Five months after initial sputum cultures, the patient continued to have a mild cough and sputum. Additional sputum culture 4 months after the initial sputum examinations was negative. She was reluctant to receive long-term antibiotic therapy and refused further follow-up. Therefore, the long-term outcome of this patient is not available.

NTM are a well-known cause of chronic pulmonary disease. Among the most commonly isolated species are the M. avium complex, M. abscessus, and M. kansasii, but other NTM species have also been described as the cause of lung disease. To the best of our knowledge, this is the first documented case of M. lentiflavum lung disease in an immunocompetent adult in Korea, in which the etiologic organism was confirmed using MLSA based on rpoB, hsp65, and 16S rRNA fragments.
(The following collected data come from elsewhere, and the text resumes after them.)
(* Let $n$ be a positive integer and let $\mathcal{H}_{DL;n}$ be the class of decision lists over $n$ Boolean variables. For any $\epsilon\in(2^{-n},1)$, the class $\mathcal{H}_{DL;n}$ is $\left(\min\left\{\frac{1}{200n^4},\epsilon\right\},\epsilon\right)$-separable.
   Context: The domain is $\mathcal{X}=\{0,1\}^n$. A decision list is a function $\mathcal{X}\to\{0,1\}$ of the form "if $\ell_1$ then $b_1$ else if $\ell_2$ then $b_2$ $\ldots$ else if $\ell_k$ then $b_k$ else $b_{k+1}$", where $\ell_1,\ldots,\ell_k$ are literals (variables $x_r$ or their negations) over the $n$ variables and $b_1,\ldots,b_{k+1}\in\{0,1\}$; $\mathcal{H}_{DL;n}$ is the set of all such functions. For a class $\mathcal{H}$ over finite domain $\mathcal{X}$, the hypotheses graph is bipartite with parts $\mathcal{H}$ and $\mathcal{X}$, $h$ adjacent to $x$ iff $h(x)=1$. For $S\subseteq\mathcal{X}$, $T\subseteq\mathcal{H}$, $d(S,T)=\frac{e(S,T)}{|S||T|}$ with $e(S,T)$ the number of edges between $S$ and $T$. Hypotheses $h_1,h_2$ are $\epsilon$-close if $|\{x\in\mathcal{X}: h_1(x)\ne h_2(x)\}|\le\epsilon|\mathcal{X}|$; $B_h(\epsilon)$ is the set of hypotheses $\epsilon$-close to $h$. $T\subseteq\mathcal{H}$ is $(\alpha,\epsilon)$-tight if some $h$ has $|T\cap B_h(\epsilon)|\ge\alpha|T|$. $\mathcal{H}$ is $(\alpha,\epsilon)$-separable if for every $T\subseteq\mathcal{H}$ that is not $(\alpha,\epsilon)$-tight there exist $S\subseteq\mathcal{X}$ and disjoint $T_0,T_1\subseteq T$ with $|S|\ge\alpha|\mathcal{X}|$, $|T_0|,|T_1|\ge\alpha|T|$ and $|d(S,T_0)-d(S,T_1)|\ge\alpha$. *)

theory Defs
  imports Main "HOL.Real"
begin

definition edges :: "'x set \<Rightarrow> ('x \<Rightarrow> bool) set \<Rightarrow> nat" where
  "edges S T = card {(x, h). x \<in> S \<and> h \<in> T \<and> h x}"

definition density :: "'x set \<Rightarrow> ('x \<Rightarrow> bool) set \<Rightarrow> real" where
  "density S T = real (edges S T) / (real (card S) * real (card T))"

definition eps_close :: "'x set \<Rightarrow> real \<Rightarrow> ('x \<Rightarrow> bool) \<Rightarrow> ('x \<Rightarrow> bool) \<Rightarrow> bool" where
  "eps_close X \<epsilon> h1 h2 \<longleftrightarrow> real (card {x \<in> X. h1 x \<noteq> h2 x}) \<le> \<epsilon> * real (card X)"

definition ball_H :: "'x set \<Rightarrow> ('x \<Rightarrow> bool) set \<Rightarrow> real \<Rightarrow> ('x \<Rightarrow> bool) \<Rightarrow> ('x \<Rightarrow> bool) set" where
  "ball_H X H \<epsilon> h = {h' \<in> H. eps_close X \<epsilon> h h'}"

definition tight :: "'x set \<Rightarrow> ('x \<Rightarrow> bool) set \<Rightarrow> real \<Rightarrow> real \<Rightarrow> ('x \<Rightarrow> bool) set \<Rightarrow> bool" where
  "tight X H \<alpha> \<epsilon> T \<longleftrightarrow> (\<exists>h\<in>H. real (card (T \<inter> ball_H X H \<epsilon> h)) \<ge> \<alpha> * real (card T))"

definition separable :: "'x set \<Rightarrow> ('x \<Rightarrow> bool) set \<Rightarrow> real \<Rightarrow> real \<Rightarrow> bool" where
  "separable X H \<alpha> \<epsilon> \<longleftrightarrow>
     (\<forall>T. T \<subseteq> H \<longrightarrow> \<not> tight X H \<alpha> \<epsilon> T \<longrightarrow>
        (\<exists>S T0 T1. S \<subseteq> X \<and> T0 \<subseteq> T \<and> T1 \<subseteq> T \<and> T0 \<inter> T1 = {} \<and>
           real (card S) \<ge> \<alpha> * real (card X) \<and>
           real (card T0) \<ge> \<alpha> * real (card T) \<and>
           real (card T1) \<ge> \<alpha> * real (card T) \<and>
           \<bar>density S T0 - density S T1\<bar> \<ge> \<alpha>))"

definition cube :: "nat \<Rightarrow> bool list set" where
  "cube n = {xs. length xs = n}"

(* a literal (r, p) is x_r if p = True and the negation of x_r if p = False *)
type_synonym literal = "nat \<times> bool"

definition lit_val :: "literal \<Rightarrow> bool list \<Rightarrow> bool" where
  "lit_val l x = (x ! fst l = snd l)"

fun dl_eval :: "(literal \<times> bool) list \<Rightarrow> bool \<Rightarrow> bool list \<Rightarrow> bool" where
  "dl_eval [] d x = d"
| "dl_eval ((l, b) # rest) d x = (if lit_val l x then b else dl_eval rest d x)"

(* the class H_{DL;n}: functions on {0,1}^n (extended by False outside the domain,
   so distinct hypotheses are distinct functions on the domain) *)
definition H_DL :: "nat \<Rightarrow> (bool list \<Rightarrow> bool) set" where
  "H_DL n = {(\<lambda>x. if x \<in> cube n then dl_eval L d x else False) | L d.
              \<forall>lb \<in> set L. fst (fst lb) < n}"

end

theory Submission
  imports Defs
begin

text \<open>Suppose a family \<open>T\<close> of decision lists is neither tight nor separable. We build one decision
  list, literal by literal, that is \<open>\<alpha>\<close>-close to an \<open>\<alpha>\<close>-fraction of \<open>T\<close>, a contradiction.
  On a subcube every decision list is either constant or forced to a constant \<open>b\<close> by a single free
  literal, so by pigeonhole a \<open>1 / (4n + 4)\<close> fraction \<open>G\<close> of the current hypotheses is constant on
  one half \<open>P\<close> of the subcube. As \<open>G\<close> cannot be separated from any large family, few hypotheses
  disagree with \<open>b\<close> on an \<open>\<alpha>\<close>-fraction of \<open>P\<close>. A hypothesis with fewer disagreements is again
  forced to \<open>b\<close> by a literal, so its disagreements concentrate on a half of \<open>P\<close>; iterating twice
  lowers the threshold to \<open>\<alpha> / 4\<close> and leaves at most \<open>(1 + 2n + 4n\<^sup>2) \<alpha> |T|\<close> hypotheses above it.
  We discard those, record the literal and recurse on the other half of the subcube. The errors sum
  geometrically, and \<open>\<alpha> \<le> 1 / (200 n\<^sup>4)\<close> keeps the \<open>n\<close> discards and the final pigeonhole
  factor small.\<close>

section \<open>Subcubes\<close>

definition subcube :: "nat \<Rightarrow> (nat \<Rightarrow> bool option) \<Rightarrow> bool list set" where
  "subcube n \<sigma> = {x \<in> cube n. \<forall>r<n. \<forall>b. \<sigma> r = Some b \<longrightarrow> x ! r = b}"

definition free_vars :: "nat \<Rightarrow> (nat \<Rightarrow> bool option) \<Rightarrow> nat set" where
  "free_vars n \<sigma> = {r. r < n \<and> \<sigma> r = None}"

lemma finite_cube: "finite (cube n)"
proof -
  have "cube n = {xs. set xs \<subseteq> UNIV \<and> length xs = n}"
    by (auto simp: cube_def)
  then show ?thesis
    using finite_lists_length_eq[of "UNIV :: bool set" n] by simp
qed

lemma card_cube_pos: "card (cube n) > 0"
proof -
  have "replicate n False \<in> cube n"
    by (simp add: cube_def)
  then show ?thesis
    using finite_cube card_gt_0_iff by (metis empty_iff)
qed

lemma subcube_subset_cube: "subcube n \<sigma> \<subseteq> cube n"
  by (auto simp: subcube_def)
M. lentiflavum is a recently described slowly growing NTM¹. It has been isolated primarily from lymph nodes of young children³, while isolations from other sites, including respiratory specimens, have been frequently described in immunocompromised patients⁴. M. lentiflavum lung disease in immunocompetent patients has rarely been described in the literature^2,6-8, and the isolation of NTM always raises doubts about clinical significance. Our case confirms the potential pathogenicity of M. lentiflavum in chronic pulmonary disease.

However, the clinical significance of the isolation of M. lentiflavum in our case may be controversial, because of relatively short follow-up periods and small number of sputum acid-fast bacilli (AFB) analysis. As the diagnostic criteria for NTM lung disease are not proven pertinence to less common and low-virulence NTM, the patients with repeated isolations of low-virulence NTM require careful clinical evaluation and collection of multiple specimens for AFB analysis over time¹⁵. Considering that M. lentiflavum is known to have low-virulence, the patients may need to be followed with additional sputum examinations for longer time.

M. lentiflavum is phylogenetically related to other slow-growing NTM species such as M. avium, M. genavense, and M. simiae¹. Traditional biochemical and/or phenotypic features of M. lentiflavum are not distinguishable from those of these closely related NTM species. Therefore, M. lentiflavum may have been previously misidentified as M. avium complex or M. simiae^1,4. Accurate identification of the isolated NTM species is very important when initiating a treatment and selecting an antimicrobial regimen. However, M. lentiflavum cannot be identifiable by commercial kit for the identification of NTM species, such as PCR-restriction fragment length of polymorphism analysis or REBA Myco-ID based on the rpoB gene, because there were not included newly defined or infrequently species, especially for M. lentiflavum. Therefore, the prevalence of M. lentiflavum lung disease in Korea may be underestimated.

In conclusion, M. lentiflavum should be considered a possible etiologic pathogen of the nodular bronchiectatic form of NTM lung disease. We demonstrate here that diagnosis of M. lentiflavum can be verified by multilocus sequence analysis of rpoB, hsp65, and 16S rRNA fragments in clinical isolates.